Jamie Doyle

Personal information
- Date of birth: 23 May 1985 (age 39)
- Place of birth: Glasgow, Scotland
- Position(s): Midfielder

Team information
- Current team: Shettleston

Senior career*
- Years: Team / Apps / (Gls)
- 2002–2004: Leicester City / 5 / (0)
- 2004–2005: Ayr United / 38 / (10)
- 2005–2006: Albion Rovers / 30 / (1)
- 2007: Arbroath / 20 / (6)
- 2007–2009: Glenafton Athletic
- 2009–2010: Clyde / 7 / (0)
- 2010: Lanark United
- 2010–2011: Cumnock Juniors
- 2011: Pollok
- 2011–2012: Kirkintilloch Rob Roy
- 2012–: Shettleston

= Jamie Doyle (footballer, born 1985) =

Scottish footballer

Jamie Doyle (born 23 May 1985) is a Scottish football midfielder.

==Career==

Doyle began his career with Leicester City making his senior debut against FC Barcelona in a pre season friendly. After a few loan spells at Canvey Island and failing to get regular first team football, he returned home to Scotland in January 2004 to join Ayr United. He scored a goal on his debut for Ayr, in a 2–1 defeat away to Inverness Caledonian Thistle. Doyle left Ayr in June 2005, and after 6 months without a club, he joined Albion Rovers. He stayed with the Coatbridge outfit for a year, making 34 appearances, before signing for Arbroath in January 2007 for a fee of £12,000. He only made 20 appearances for Arbroath, and dropped out of the senior game to sign for Junior side Glenafton Athletic.

After two years with Glenafton, Doyle took part in Clyde's open trials, and was rewarded with a one-year contract after impressing in a friendly with Partick Thistle. He terminated his contract in January 2010 after making seven appearances, returning to Junior football with Lanark United.

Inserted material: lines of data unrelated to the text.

definition vertex_expansion :: "'a set \<Rightarrow> 'a set set \<Rightarrow> real \<Rightarrow> bool" where
  "vertex_expansion V E x \<longleftrightarrow> (\<forall>S \<subseteq> V. real (card S) \<le> real (card V) / 2 \<longrightarrow>
     x * real (card S) \<le> real (card (nbhd V E S)))"

lemma expands_into_imp_vertex_expansion:
  assumes "finite V" "expands_into V E \<Delta> \<beta> d k W" "1 / (10 * ln k) \<le> \<Delta>"
  shows "vertex_expansion V E (1 / (10 * ln k))"
  unfolding vertex_expansion_def
proof (intro allI impI)
  fix S assume S: "S \<subseteq> V" "real (card S) \<le> real (card V) / 2"
  show "1 / (10 * ln k) * real (card S) \<le> real (card (nbhd V E S))"
  proof (cases "real (card S) \<le> \<beta> * d")
    case True
    have "card (nbhd V E S \<inter> W) \<le> card (nbhd V E S)"
      using assms(1) unfolding nbhd_def by (intro card_mono) auto
    moreover have "1 / (10 * ln k) * real (card S) \<le> \<Delta> * real (card S)"
      using assms(3) by (intro mult_right_mono) auto
    moreover have "\<Delta> * real (card S) \<le> real (card (nbhd V E S \<inter> W))"
      using assms(2) S(1) True unfolding expands_into_def by blast
    ultimately show ?thesis by linarith
  next
    case False
    then have "\<beta> * d \<le> real (card S)" by simp
    then have "real (card S) / (10 * ln k) \<le> real (card (nbhd V E S))"
      using assms(2) S unfolding expands_into_def by blast
    then show ?thesis by simp
  qed
qed

definition walk_ball :: "'a set set \<Rightarrow> 'a \<Rightarrow> nat \<Rightarrow> 'a set" where
  "walk_ball E v r = {x. \<exists>n\<le>r. has_walk E v x n}"

lemma walk_ball_subset:
  assumes "simple_graph V E" "v \<in> V"
  shows "walk_ball E v r \<subseteq> V"
  unfolding walk_ball_def using has_walk_in_V[OF assms] by blast
(* Let $k$ be a field, $A=kQ_A/I_A$ an indecomposable radical square zero algebra, and $B$ the algebra obtained from $A$ by gluing a source vertex and a sink vertex of $Q_A$. Then for every $n\ge2$ the map $\psi_n$ restricts to an injective map $\mathrm{Ker}(\delta^n_A)\hookrightarrow\mathrm{Ker}(\delta^n_B)$ which maps $\mathrm{Im}(\delta^{n-1}_A)$ into $\mathrm{Im}(\delta^{n-1}_B)$. In addition, $\dim_k\mathrm{HH}^n(B)-\dim_k\mathrm{HH}^n(A)\ge0$.
   Context: A radical square zero algebra is $kQ/I$ with $Q$ a finite quiver and $I$ generated by all paths of length 2; indecomposable means $Q$ connected. Gluing a source $e_1$ (no incoming arrows) and a sink $e_m$ (no outgoing arrows), both non-isolated: $B$ is the subalgebra generated by $e_1+e_m$, the other vertex idempotents and all arrows; $B\cong kQ_B/I_B$, $Q_B$ obtained by identifying $e_1,e_m$ into one vertex $f_1$, $I_B$ generated by all length-2 paths of $Q_B$. For a path $p=a_r\cdots a_1$ of $Q_A$, $p^*=a_r^*\cdots a_1^*$ is its image in $Q_B$, and vertices map to their images. $Q_n$ denotes the set of paths of length $n$; for path sets $X,Y$, $k(X\|Y)$ is the vector space with basis the pairs $x\|y$, $x\in X$, $y\in Y$, with the same source and same target. Cibils' complex for a radical square zero algebra $kQ/I$: $C^n=k(Q_n\|Q_0)\oplus k(Q_n\|Q_1)$ and $\delta^n:C^n\to C^{n+1}$, $\delta^n(x,y)=(0,D_n(x))$, where $D_n(\gamma\|e)=\sum_{a\in Q_1,\,s(a)=e}a\gamma\|a+(-1)^{n+1}\sum_{b\in Q_1,\,t(b)=e}\gamma b\|b$; its cohomology in degree $n\ge1$ is $\mathrm{HH}^n=\mathrm{Ker}\,\delta^n/\mathrm{Im}\,\delta^{n-1}$. $\delta^n_A,\delta^n_B$ denote these for $A,B$. $\psi_n:C^n_A\to C^n_B$ is the linear map $\gamma\|x\mapsto\gamma^*\|x^*$ for $\gamma\in(Q_A)_n$, $x\in(Q_A)_0\cup(Q_A)_1$. *)

theory Defs
  imports Complex_Main "HOL-Library.Function_Algebras"
begin

text \<open>A path of length n (n >= 1) a_n ... a_1 is represented by the list
[a_1, ..., a_n] of its arrows in order of traversal.\<close>

definition quiver :: "'v set \<Rightarrow> 'e set \<Rightarrow> ('e \<Rightarrow> 'v) \<Rightarrow> ('e \<Rightarrow> 'v) \<Rightarrow> bool" where
  "quiver V E s t \<longleftrightarrow> finite V \<and> finite E \<and> (\<forall>a\<in>E. s a \<in> V \<and> t a \<in> V)"

text \<open>Connected quiver (= the radical square zero algebra kQ/I is indecomposable).\<close>
definition quiver_connected :: "'v set \<Rightarrow> 'e set \<Rightarrow> ('e \<Rightarrow> 'v) \<Rightarrow> ('e \<Rightarrow> 'v) \<Rightarrow> bool" where
  "quiver_connected V E s t \<longleftrightarrow> V \<noteq> {} \<and>
     (\<forall>u\<in>V. \<forall>w\<in>V. (u, w) \<in> (\<Union>a\<in>E. {(s a, t a), (t a, s a)})\<^sup>*)"

definition paths :: "'e set \<Rightarrow> ('e \<Rightarrow> 'v) \<Rightarrow> ('e \<Rightarrow> 'v) \<Rightarrow> nat \<Rightarrow> 'e list set" where
  "paths E s t n = {p. length p = n \<and> set p \<subseteq> E \<and>
      (\<forall>i. Suc i < n \<longrightarrow> t (p ! i) = s (p ! Suc i))}"

definition psrc :: "('e \<Rightarrow> 'v) \<Rightarrow> 'e list \<Rightarrow> 'v" where "psrc s p = s (hd p)"
definition ptgt :: "('e \<Rightarrow> 'v) \<Rightarrow> 'e list \<Rightarrow> 'v" where "ptgt t p = t (last p)"

text \<open>Basis of C^n = k(Q_n || Q_0) + k(Q_n || Q_1): pairs gamma || x, with x a vertex
(Inl) or an arrow (Inr), parallel to gamma.  (Used for n >= 1.)\<close>
definition cbasis :: "'v set \<Rightarrow> 'e set \<Rightarrow> ('e \<Rightarrow> 'v) \<Rightarrow> ('e \<Rightarrow> 'v) \<Rightarrow> nat
    \<Rightarrow> ('e list \<times> ('v + 'e)) set" where
  "cbasis V E s t n =
     {(g, Inl e) | g e. g \<in> paths E s t n \<and> e \<in> V \<and> psrc s g = e \<and> ptgt t g = e} \<union>
     {(g, Inr a) | g a. g \<in> paths E s t n \<and> a \<in> E \<and> psrc s g = s a \<and> ptgt t g = t a}"

text \<open>Cochains: k-linear combinations of basis elements, as coefficient functions.\<close>
definition cochains :: "'v set \<Rightarrow> 'e set \<Rightarrow> ('e \<Rightarrow> 'v) \<Rightarrow> ('e \<Rightarrow> 'v) \<Rightarrow> nat
    \<Rightarrow> ('e list \<times> ('v + 'e) \<Rightarrow> 'k::field) set" where
  "cochains V E s t n = {f. \<forall>q. q \<notin> cbasis V E s t n \<longrightarrow> f q = 0}"

definition indic :: "'b \<Rightarrow> 'b \<Rightarrow> 'k::field" where
  "indic b q = (if q = b then 1 else 0)"

text \<open>Image of a basis element under delta^n: delta(gamma||e) = (0, D_n(gamma||e)),
delta(gamma||a) = 0.\<close>
definition Dbasis :: "'e set \<Rightarrow> ('e \<Rightarrow> 'v) \<Rightarrow> ('e \<Rightarrow> 'v) \<Rightarrow> nat
    \<Rightarrow> 'e list \<times> ('v + 'e) \<Rightarrow> ('e list \<times> ('v + 'e) \<Rightarrow> 'k::field)" where
  "Dbasis E s t n b = (case b of
      (g, Inl e) \<Rightarrow> (\<lambda>q. (\<Sum>a\<in>{a\<in>E. s a = e}. indic (g @ [a], Inr a) q)
                      + (-1) ^ (n + 1) * (\<Sum>c\<in>{c\<in>E. t c = e}. indic (c # g, Inr c) q))
    | (g, Inr a) \<Rightarrow> (\<lambda>q. 0))"

definition delta :: "'v set \<Rightarrow> 'e set \<Rightarrow> ('e \<Rightarrow> 'v) \<Rightarrow> ('e \<Rightarrow> 'v) \<Rightarrow> nat
    \<Rightarrow> ('e list \<times> ('v + 'e) \<Rightarrow> 'k::field) \<Rightarrow> ('e list \<times> ('v + 'e) \<Rightarrow> 'k)" where
  "delta V E s t n f = (\<lambda>q. \<Sum>b\<in>cbasis V E s t n. f b * Dbasis E s t n b q)"

definition kerD :: "'v set \<Rightarrow> 'e set \<Rightarrow> ('e \<Rightarrow> 'v) \<Rightarrow> ('e \<Rightarrow> 'v) \<Rightarrow> nat
    \<Rightarrow> ('e list \<times> ('v + 'e) \<Rightarrow> 'k::field) set" where
  "kerD V E s t n = {f \<in> cochains V E s t n. delta V E s t n f = 0}"

definition imD :: "'v set \<Rightarrow> 'e set \<Rightarrow> ('e \<Rightarrow> 'v) \<Rightarrow> ('e \<Rightarrow> 'v) \<Rightarrow> nat
    \<Rightarrow> ('e list \<times> ('v + 'e) \<Rightarrow> 'k::field) set" where
  "imD V E s t n = delta V E s t n ` cochains V E s t n"
(* Let $0<q<1$, $I=[0,b)$ with $0<b\le\infty$, $R,S,T:I\to\mathbb{R}$ continuous. For an admissible function $u$ and $t\in\mathbb{R}$ with $1+tJ_u(x)\ne0$ on $I$ define $(\mathcal{B}^+_tu)(x)=u(x)+\dfrac{tE_u(x)}{1+tJ_u(x)}$. Then for $t_1,t_2\in\mathbb{R}$ and admissible $u_0$ such that $\mathcal{B}^+_{t_2}u_0$ is defined and admissible, $\mathcal{B}^+_{t_1}(\mathcal{B}^+_{t_2}u_0)$ is defined, and $1-(1-q)x(R(x)+S(x)\,\mathcal{B}^+_{t_1}\mathcal{B}^+_{t_2}u_0(x))>0$ on $I$, one has $$\mathcal{B}^+_{t_1}\circ\mathcal{B}^+_{t_2}u_0=\mathcal{B}^+_{t_1+t_2}u_0 .$$ In particular, for a fixed $V$, the maps $\mathcal{B}^+_t$ act (where defined) as a one-parameter group on the solutions of the $q$-Riccati equation $V(x)=\partial_qu(x)-T(x)u(x)+R(x)u(qx)+S(x)u(x)u(qx)$, and this action is transitive on solutions $u$ continuous on $I$ with $1-(1-q)x(R(x)+S(x)u(x))>0$ on $I$: each such solution equals $\mathcal{B}^+_tu_0$ for $t=u(0)-u_0(0)$.
   Context: $\partial_q f(x)=\dfrac{f(x)-f(qx)}{(1-q)x}$ for $x\neq0$; $\int_0^x f(t)\,d_qt=\sum_{n\ge0}(1-q)q^nx\,f(q^nx)$. A function $u:I\to\mathbb{R}$ is admissible if it is continuous on $I$ and for all $y\in I$: $1-(1-q)y(R(y)+u(y)S(y))>0$ and $1-(1-q)y(T(y)-u(qy)S(y))>0$. For admissible $u$: $$E_u(x)=\exp\Big(\frac{1}{1-q}\int_0^x\frac1y\ln\frac{1-(1-q)y[R(y)+u(y)S(y)]}{1-(1-q)y[T(y)-u(qy)S(y)]}d_qy\Big),\qquad J_u(x)=\int_0^x\frac{S(y)E_u(y)}{1-(1-q)y[R(y)+u(y)S(y)]}d_qy.$$ *)

theory Defs
  imports "HOL-Analysis.Analysis" "HOL-Library.Extended_Real"
begin

definition Ivl :: "ereal \<Rightarrow> real set" where
  "Ivl b = {x. 0 \<le> x \<and> ereal x < b}"

definition qderiv :: "real \<Rightarrow> (real \<Rightarrow> real) \<Rightarrow> real \<Rightarrow> real" where
  "qderiv q f x = (f x - f (q * x)) / ((1 - q) * x)"

definition qint :: "real \<Rightarrow> (real \<Rightarrow> real) \<Rightarrow> real \<Rightarrow> real" where
  "qint q f x = (\<Sum>n. (1 - q) * q ^ n * x * f (q ^ n * x))"

definition admissible ::
  "real \<Rightarrow> ereal \<Rightarrow> (real \<Rightarrow> real) \<Rightarrow> (real \<Rightarrow> real) \<Rightarrow> (real \<Rightarrow> real) \<Rightarrow> (real \<Rightarrow> real) \<Rightarrow> bool" where
  "admissible q b R S T u \<longleftrightarrow> continuous_on (Ivl b) u \<and>
     (\<forall>y\<in>Ivl b. 1 - (1 - q) * y * (R y + u y * S y) > 0 \<and>
                 1 - (1 - q) * y * (T y - u (q * y) * S y) > 0)"

definition Efun ::
  "real \<Rightarrow> (real \<Rightarrow> real) \<Rightarrow> (real \<Rightarrow> real) \<Rightarrow> (real \<Rightarrow> real) \<Rightarrow> (real \<Rightarrow> real) \<Rightarrow> real \<Rightarrow> real" where
  "Efun q R S T u x = exp (1 / (1 - q) *
     qint q (\<lambda>y. (1 / y) * ln ((1 - (1 - q) * y * (R y + u y * S y)) /
                              (1 - (1 - q) * y * (T y - u (q * y) * S y)))) x)"

definition Jfun ::
  "real \<Rightarrow> (real \<Rightarrow> real) \<Rightarrow> (real \<Rightarrow> real) \<Rightarrow> (real \<Rightarrow> real) \<Rightarrow> (real \<Rightarrow> real) \<Rightarrow> real \<Rightarrow> real" where
  "Jfun q R S T u x = qint q (\<lambda>y. S y * Efun q R S T u y /
                              (1 - (1 - q) * y * (R y + u y * S y))) x"

definition Bdefined ::
  "real \<Rightarrow> ereal \<Rightarrow> (real \<Rightarrow> real) \<Rightarrow> (real \<Rightarrow> real) \<Rightarrow> (real \<Rightarrow> real) \<Rightarrow> real \<Rightarrow> (real \<Rightarrow> real) \<Rightarrow> bool" where
  "Bdefined q b R S T t u \<longleftrightarrow> (\<forall>x\<in>Ivl b. 1 + t * Jfun q R S T u x \<noteq> 0)"

definition Bplus ::
  "real \<Rightarrow> (real \<Rightarrow> real) \<Rightarrow> (real \<Rightarrow> real) \<Rightarrow> (real \<Rightarrow> real) \<Rightarrow> real \<Rightarrow> (real \<Rightarrow> real) \<Rightarrow> real \<Rightarrow> real" where
  "Bplus q R S T t u x = u x + t * Efun q R S T u x / (1 + t * Jfun q R S T u x)"

text \<open>u solves the q-Riccati equation with inhomogeneity V on I (at x \<noteq> 0,
  where the q-derivative is defined).\<close>
definition riccati_sol ::
  "real \<Rightarrow> ereal \<Rightarrow> (real \<Rightarrow> real) \<Rightarrow> (real \<Rightarrow> real) \<Rightarrow> (real \<Rightarrow> real) \<Rightarrow> (real \<Rightarrow> real) \<Rightarrow> (real \<Rightarrow> real) \<Rightarrow> bool" where
  "riccati_sol q b R S T V u \<longleftrightarrow> (\<forall>x\<in>Ivl b. x \<noteq> 0 \<longrightarrow>
     V x = qderiv q u x - T x * u x + R x * u (q * x) + S x * u x * u (q * x))"

end

theory Submission imports Defs begin

(* E_u and J_u are Jackson integrals from 0, so along the orbit x, qx, q^2 x, ... they are
   governed by first-order q-difference equations
     E_u(x) = E_u(qx) A_u(x) / C_u(x),    J_u(x) - J_u(qx) = (1-q) x S(x) E_u(x) / A_u(x),
   where A_u and C_u are the numerator and denominator of the logarithm defining E_u; and by
   continuity every quantity that is invariant under x -> qx equals its limit at 0.
   For v = B_t u and D = 1 + t J_u one finds A_v = A_u D(qx)/D(x) and C_v = C_u D(x)/D(qx), so
   E_v D^2 / E_u and J_v - J_u / D are q-invariant with limits 1 and 0; hence E_v = E_u / D^2,
   J_v = J_u / D, and the group law is algebra.
   If u is a second solution of the Riccati equation, w = u - u0 satisfies the linear relation
   w(x) C_u0(x) = w(qx) A_u(x), which makes E_u0 / w - J_u0 q-invariant; as w(q^n x) -> u(0) - u0(0) = t
   and E_u0 -> 1, J_u0 -> 0, this invariant is 1/t, i.e. w = t E_u0 / (1 + t J_u0). *)

lemma q_orbit_const:
  fixes q x :: "'a::monoid_mult" and \<phi> :: "'a \<Rightarrow> 'b"
  assumes "\<And>n. \<phi> (q * (q ^ n * x)) = \<phi> (q ^ n * x)"
  shows "\<phi> (q ^ n * x) = \<phi> x"
proof (induction n)
  case (Suc n)
  then show ?case using assms[of n] by (simp add: mult.assoc)
qed simp

lemma q_orbit_limit:
  fixes q x :: "'a::monoid_mult" and \<phi> :: "'a \<Rightarrow> 'b::t2_space"
  assumes "\<And>n. \<phi> (q * (q ^ n * x)) = \<phi> (q ^ n * x)" and "(\<lambda>n. \<phi> (q ^ n * x)) \<longlonglongrightarrow> L"
  shows "\<phi> x = L"
  using assms(2) by (simp add: q_orbit_const[OF assms(1)] LIMSEQ_const_iff)

lemma qint_unfold:
  assumes "summable (\<lambda>n. (1 - q) * q ^ n * x * f (q ^ n * x))"
  shows "qint q f x = (1 - q) * x * f x + qint q f (q * x)"
  using suminf_split_head[OF assms] by (simp add: qint_def mult_ac)

lemma qint_orbit_tendsto_0:
  assumes "summable (\<lambda>n. (1 - q) * q ^ n * x * f (q ^ n * x))"
  shows "(\<lambda>n. qint q f (q ^ n * x)) \<longlonglongrightarrow> 0"
proof -
  let ?g = "\<lambda>n. (1 - q) * q ^ n * x * f (q ^ n * x)"
  have tail: "qint q f (q ^ k * x) = suminf ?g - (\<Sum>i<k. ?g i)" for k
  proof -
    have "qint q f (q ^ k * x) = (\<Sum>n. ?g (n + k))"
      unfolding qint_def by (simp add: power_add mult_ac)
    then show ?thesis using suminf_minus_initial_segment[OF assms] by simp
  qed
  have "(\<lambda>k. suminf ?g - (\<Sum>i<k. ?g i)) \<longlonglongrightarrow> suminf ?g - suminf ?g"
    by (intro tendsto_intros summable_LIMSEQ assms)
  then show ?thesis by (simp add: tail)
qed

lemma qint_summable_Bseq:
  fixes q x :: real
  assumes "\<bar>q\<bar> < 1" and "Bseq (\<lambda>n. f (q ^ n * x))"
  shows "summable (\<lambda>n. (1 - q) * q ^ n * x * f (q ^ n * x))"
proof -
  obtain K where K: "\<And>n. \<bar>f (q ^ n * x)\<bar> \<le> K" using assms(2) by (auto simp: Bseq_def)
  show ?thesis
  proof (rule summable_comparison_test'[where N = 0])
    show "summable (\<lambda>n. \<bar>(1 - q) * x\<bar> * K * \<bar>q\<bar> ^ n)"
      using assms(1) by (intro summable_mult summable_geometric) auto
    show "norm ((1 - q) * q ^ n * x * f (q ^ n * x)) \<le> \<bar>(1 - q) * x\<bar> * K * \<bar>q\<bar> ^ n" for n
      using mult_left_mono[OF K[of n], of "\<bar>(1 - q) * x\<bar> * \<bar>q\<bar> ^ n"]
      by (simp add: abs_mult power_abs mult_ac)
  qed
qed

lemma abs_ln_le:
  fixes y :: real
  assumes y: "0 < y"
  shows "\<bar>ln y\<bar> \<le> \<bar>y - 1\<bar> / min 1 y"
proof (cases "1 \<le> y")
  case True
  then show ?thesis using ln_le_minus_one[OF y] ln_ge_zero[of y] by simp
next
  case False
  have "ln (1 / y) \<le> 1 / y - 1" using y by (intro ln_le_minus_one) auto
  then show ?thesis using False y by (simp add: ln_div diff_divide_distrib)
qed

lemma Bseq_ln_one_minus_div:
  fixes y a :: "nat \<Rightarrow> real"
  assumes "y \<longlonglongrightarrow> 0" and "a \<longlonglongrightarrow> a0" and "\<And>n. 0 < y n" and "\<And>n. 0 < 1 - y n * a n"
  shows "Bseq (\<lambda>n. ln (1 - y n * a n) / y n)"
proof -
  have bound: "norm (ln (1 - y n * a n) / y n) \<le> norm (\<bar>a n\<bar> / min 1 (1 - y n * a n))" for n
  proof -
    have "\<bar>ln (1 - y n * a n)\<bar> \<le> \<bar>(1 - y n * a n) - 1\<bar> / min 1 (1 - y n * a n)"
      by (rule abs_ln_le[OF assms(4)])
    also have "\<dots> = y n * (\<bar>a n\<bar> / min 1 (1 - y n * a n))"
      using assms(3)[of n] by (simp add: abs_mult)
    finally have "\<bar>ln (1 - y n * a n) / y n\<bar> \<le> \<bar>a n\<bar> / min 1 (1 - y n * a n)"
      using assms(3)[of n] by (simp add: pos_divide_le_eq mult.commute)
    then show ?thesis using assms(4)[of n] by simp
  qed
  have "(\<lambda>n. \<bar>a n\<bar> / min 1 (1 - y n * a n)) \<longlonglongrightarrow> \<bar>a0\<bar> / min 1 (1 - 0 * a0)"
    using assms(1,2) by (intro tendsto_intros) auto
  then have majorant: "Bseq (\<lambda>n. \<bar>a n\<bar> / min 1 (1 - y n * a n))"
    using convergent_imp_Bseq convergentI by blast
  show ?thesis
    by (rule Bseq_eventually_mono[OF always_eventually majorant]) (use bound in blast)
qed

lemma Ivl_0: "0 < b \<Longrightarrow> 0 \<in> Ivl b"
  by (simp add: Ivl_def zero_ereal_def)

lemma Ivl_nonneg: "x \<in> Ivl b \<Longrightarrow> 0 \<le> x"
  by (simp add: Ivl_def)

lemma mult_in_Ivl:
  assumes "x \<in> Ivl b" and "0 \<le> c" and "c \<le> 1"
  shows "c * x \<in> Ivl b"
proof -
  have x: "0 \<le> x" "ereal x < b" using assms(1) by (simp_all add: Ivl_def)
  have "ereal (c * x) \<le> ereal x" using x assms(2,3) by (simp add: mult_left_le_one_le)
  also have "\<dots> < b" by (fact x)
  finally show ?thesis using x assms(2) by (simp add: Ivl_def)
qed

locale q_riccati =
  fixes q :: real and b :: ereal and R S T :: "real \<Rightarrow> real"
  assumes q_pos: "0 < q" and q_less_1: "q < 1" and b_pos: "0 < b"
    and cont_R: "continuous_on (Ivl b) R"
    and cont_S: "continuous_on (Ivl b) S"
    and cont_T: "continuous_on (Ivl b) T"
begin

abbreviation E :: "(real \<Rightarrow> real) \<Rightarrow> real \<Rightarrow> real" where "E \<equiv> Efun q R S T"
abbreviation J :: "(real \<Rightarrow> real) \<Rightarrow> real \<Rightarrow> real" where "J \<equiv> Jfun q R S T"
abbreviation B :: "real \<Rightarrow> (real \<Rightarrow> real) \<Rightarrow> real \<Rightarrow> real" where "B \<equiv> Bplus q R S T"

definition A_fac :: "(real \<Rightarrow> real) \<Rightarrow> real \<Rightarrow> real" where
  "A_fac u y = 1 - (1 - q) * y * (R y + u y * S y)"

definition C_fac :: "(real \<Rightarrow> real) \<Rightarrow> real \<Rightarrow> real" where
  "C_fac u y = 1 - (1 - q) * y * (T y - u (q * y) * S y)"

abbreviation "E_integrand u y \<equiv> 1 / y * ln (A_fac u y / C_fac u y)"
abbreviation "J_integrand u y \<equiv> S y * E u y / A_fac u y"

lemma E_eq_exp_qint: "E u x = exp (1 / (1 - q) * qint q (E_integrand u) x)"
  unfolding Efun_def A_fac_def C_fac_def ..

lemma J_eq_qint: "J u x = qint q (J_integrand u) x"
  unfolding Jfun_def A_fac_def ..

lemma q_mult_in_Ivl: "y \<in> Ivl b \<Longrightarrow> q * y \<in> Ivl b"
  using q_pos q_less_1 by (intro mult_in_Ivl) auto

lemma q_orbit_in_Ivl: "x \<in> Ivl b \<Longrightarrow> q ^ n * x \<in> Ivl b"
  using q_pos q_less_1 by (intro mult_in_Ivl) (auto simp: power_le_one)

lemma q_orbit_tendsto_0: "(\<lambda>n. q ^ n * x) \<longlonglongrightarrow> 0"
  using q_pos q_less_1 by (intro tendsto_mult_left_zero LIMSEQ_power_zero) auto

lemma tendsto_q_orbit:
  assumes "continuous_on (Ivl b) f" and "x \<in> Ivl b"
  shows "(\<lambda>n. f (q ^ n * x)) \<longlonglongrightarrow> f 0"
  by (rule continuous_on_tendsto_compose[OF assms(1) q_orbit_tendsto_0 Ivl_0[OF b_pos]])
     (use assms(2) q_orbit_in_Ivl in auto)

lemma q_invariant_eq_limit:
  fixes \<phi> :: "real \<Rightarrow> 'a::t2_space"
  assumes "\<And>y. y \<in> Ivl b \<Longrightarrow> \<phi> (q * y) = \<phi> y" and "x \<in> Ivl b"
    and "(\<lambda>n. \<phi> (q ^ n * x)) \<longlonglongrightarrow> L"
  shows "\<phi> x = L"
  by (rule q_orbit_limit[OF assms(1)[OF q_orbit_in_Ivl[OF assms(2)]] assms(3)])

lemma continuous_on_q_dilate: "continuous_on (Ivl b) f \<Longrightarrow> continuous_on (Ivl b) (\<lambda>y. f (q * y))"
  by (rule continuous_on_compose2[of "Ivl b" f]) (auto intro: continuous_intros q_mult_in_Ivl)

lemma admissible_continuous: "admissible q b R S T u \<Longrightarrow> continuous_on (Ivl b) u"
  by (simp add: admissible_def)

lemma admissible_pos:
  assumes "admissible q b R S T u" and "y \<in> Ivl b"
  shows A_fac_pos: "0 < A_fac u y" and C_fac_pos: "0 < C_fac u y"
  using assms by (auto simp: admissible_def A_fac_def C_fac_def)

lemma A_fac_at_0 [simp]: "A_fac u 0 = 1"
  by (simp add: A_fac_def)

lemma C_fac_at_0 [simp]: "C_fac u 0 = 1"
  by (simp add: C_fac_def)

lemma continuous_on_A_fac: "continuous_on (Ivl b) u \<Longrightarrow> continuous_on (Ivl b) (A_fac u)"
  unfolding A_fac_def[abs_def] by (intro continuous_intros cont_R cont_S)

lemma continuous_on_C_fac: "continuous_on (Ivl b) u \<Longrightarrow> continuous_on (Ivl b) (C_fac u)"
  unfolding C_fac_def[abs_def] by (intro continuous_intros cont_T cont_S continuous_on_q_dilate)

lemma E_pos: "0 < E u x"
  by (simp add: Efun_def)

Doyle later played for Cumnock Juniors, Pollok and Kirkintilloch Rob Roy before signing for Shettleston in October 2012.

On 12 October 2013 Jamie Doyle again terminated his contract with Junior Side Shotts Bon Accord due to unpaid wages.

He returned to Junior Side Shettleston again, after his released from Shotts Bon Accord.